Systematically permutate message ordering in simulations

masih commented 5 months ago

Copied from slack originally written by @anorth:

The key search space that we want to cover [in tests] is the ordering/interleaving of messages as observed by individual nodes. The timestamps at which they arrive make not much difference, particularly if you consider alarms as just another kind of message to be reordered. The order between different nodes makes not much direct difference (except those nodes may then send new messages which can affect others). So thorough coverage is coverage over all of the possible orderings of messages arriving at each node. A thorough test framework might deterministically try every possible order at least for a small number of participants, and quickly converging protocols. Maybe every possible isn't practical, but we want something where most test runs exercise some different ordering at some nodes. My first thoughts about how to do that are to replace the message queue with something that doesn't use a latency model, but an explicit permutation generator.
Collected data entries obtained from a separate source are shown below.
lemma wf_ord_sum_Id:
  assumes "wf (r - Id)" and "wf (s - Id)"
  shows "wf (ord_sum r s - Id)"
proof -
  let ?L = "map_prod Inl Inl ` (r - Id) :: ('a + 'b) rel"
  let ?R = "map_prod Inr Inr ` (s - Id) :: ('a + 'b) rel"
  let ?LR = "{(Inl a, Inr b) | a b. a \<in> Field r \<and> b \<in> Field s} :: ('a + 'b) rel"
  have "wf ?L" "wf ?R"
    using assms by (auto intro: wf_map_prod_image)
  moreover have "wf ?LR"
    by (rule wf_subset[OF wf_measure[of "case_sum (\<lambda>_. 0) (\<lambda>_. 1)"]]) auto
  ultimately have "wf (?L \<union> (?LR \<union> ?R))"
    by (auto intro!: wf_Un)
  moreover have "ord_sum r s - Id \<subseteq> ?L \<union> (?LR \<union> ?R)"
    unfolding ord_sum_def by force
  ultimately show ?thesis
    using wf_subset by blast
qed

lemma Well_order_ord_sum:
  assumes r: "Well_order r" and s: "Well_order s"
  shows "Well_order (ord_sum r s)"
proof -
  have rr: "Refl r" "trans r" "antisym r" "Total r" "wf (r - Id)"
    using r by (auto simp: order_on_defs)
  have ss: "Refl s" "trans s" "antisym s" "Total s" "wf (s - Id)"
    using s by (auto simp: order_on_defs)
  have "Refl (ord_sum r s)"
    using rr(1) ss(1) unfolding Field_ord_sum refl_on_def by auto
  moreover have "trans (ord_sum r s)"
  proof (rule transI)
    fix x y z
    assume "(x, y) \<in> ord_sum r s" "(y, z) \<in> ord_sum r s"
    then show "(x, z) \<in> ord_sum r s"
      using rr(2) ss(2) by (cases x; cases y; cases z; simp; meson FieldI1 FieldI2 transD)
  qed
  moreover have "antisym (ord_sum r s)"
  proof (rule antisymI)
    fix x y
    assume "(x, y) \<in> ord_sum r s" "(y, x) \<in> ord_sum r s"
    then show "x = y"
      using rr(3) ss(3) by (cases x; cases y; simp; meson antisymD)
  qed
  moreover have "Total (ord_sum r s)"
    unfolding total_on_def Field_ord_sum
  proof (intro ballI impI)
    fix x y
    assume "x \<in> Inl ` Field r \<union> Inr ` Field s" "y \<in> Inl ` Field r \<union> Inr ` Field s" "x \<noteq> y"
    then show "(x, y) \<in> ord_sum r s \<or> (y, x) \<in> ord_sum r s"
      using rr(4) ss(4) unfolding total_on_def by (elim UnE imageE) auto
  qed
  ultimately show ?thesis
    using wf_ord_sum_Id[OF rr(5) ss(5)] by (auto simp: order_on_defs intro: FieldI1 FieldI2)
qed
(* Let $V$ be a finite-dimensional real representation of $\mathbb Z/3$, and write $V\cong m\mathbf 1\oplus n\mathbf 2$. Then $V$ has a basis that is $\mathbb Z/3$-invariant up to sign if and only if $m\ge n$.
   Context: $\mathbf 1$ denotes the trivial one-dimensional real representation of $\mathbb Z/3$ and $\mathbf 2$ the two-dimensional real representation in which a generator acts by rotation by $120^\circ$; every finite-dimensional real $\mathbb Z/3$-representation is isomorphic to $m\mathbf 1\oplus n\mathbf 2$ for unique $m,n\ge0$. A basis is $G$-invariant up to sign if every $g\in G$ maps every basis element to plus or minus a basis element. *)

theory Defs
  imports Complex_Main "Jordan_Normal_Form.Matrix"
begin

text \<open>A finite-dimensional real representation of Z/3 on R^d is given by the
 matrix A of the action of the generator (so A^3 = 1). The generator g^k acts by A^k.\<close>

definition rot120 :: "nat \<Rightarrow> nat \<Rightarrow> real" where
  "rot120 i j = (if i = j then - 1/2 else if i = 1 \<and> j = 0 then sqrt 3 / 2 else - sqrt 3 / 2)"

text \<open>Standard matrix of m1 \<oplus> n2: block diagonal, m ones followed by n rotation blocks.\<close>
definition std_rep :: "nat \<Rightarrow> nat \<Rightarrow> real mat" where
  "std_rep m n = mat (m + 2*n) (m + 2*n) (\<lambda>(i,j).
     if i < m \<or> j < m then (if i = j then 1 else 0)
     else if (i - m) div 2 = (j - m) div 2 then rot120 ((i - m) mod 2) ((j - m) mod 2)
     else 0)"

definition is_basis_list :: "nat \<Rightarrow> real vec list \<Rightarrow> bool" where
  "is_basis_list d bs = (\<exists>P \<in> carrier_mat d d. invertible_mat P \<and> bs = cols P)"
This isn't a very realistic simulation if we're thinking about gathering metrics, but will be far more effective at exploring the search space than a realistic simulation which would "normally" be "normal".

Implementation considerations:

Consider making message queueing in simulation pluggable, such that a user can choose what queueing to use for a simulation, i.e. permutating queue or the current latency based one.
message order permutation space grows explosively; we probably want to concentrate on full systematic permutation per gpbft instance than reduced permutations across multiple instances. Because, the current lanecy based message queue already does the latter.
full permutation of message per instance would then mean a simulation should be able to checkpoint its state at each instance and re-execute the instance with every permutation to assert that some given condition is met regardless.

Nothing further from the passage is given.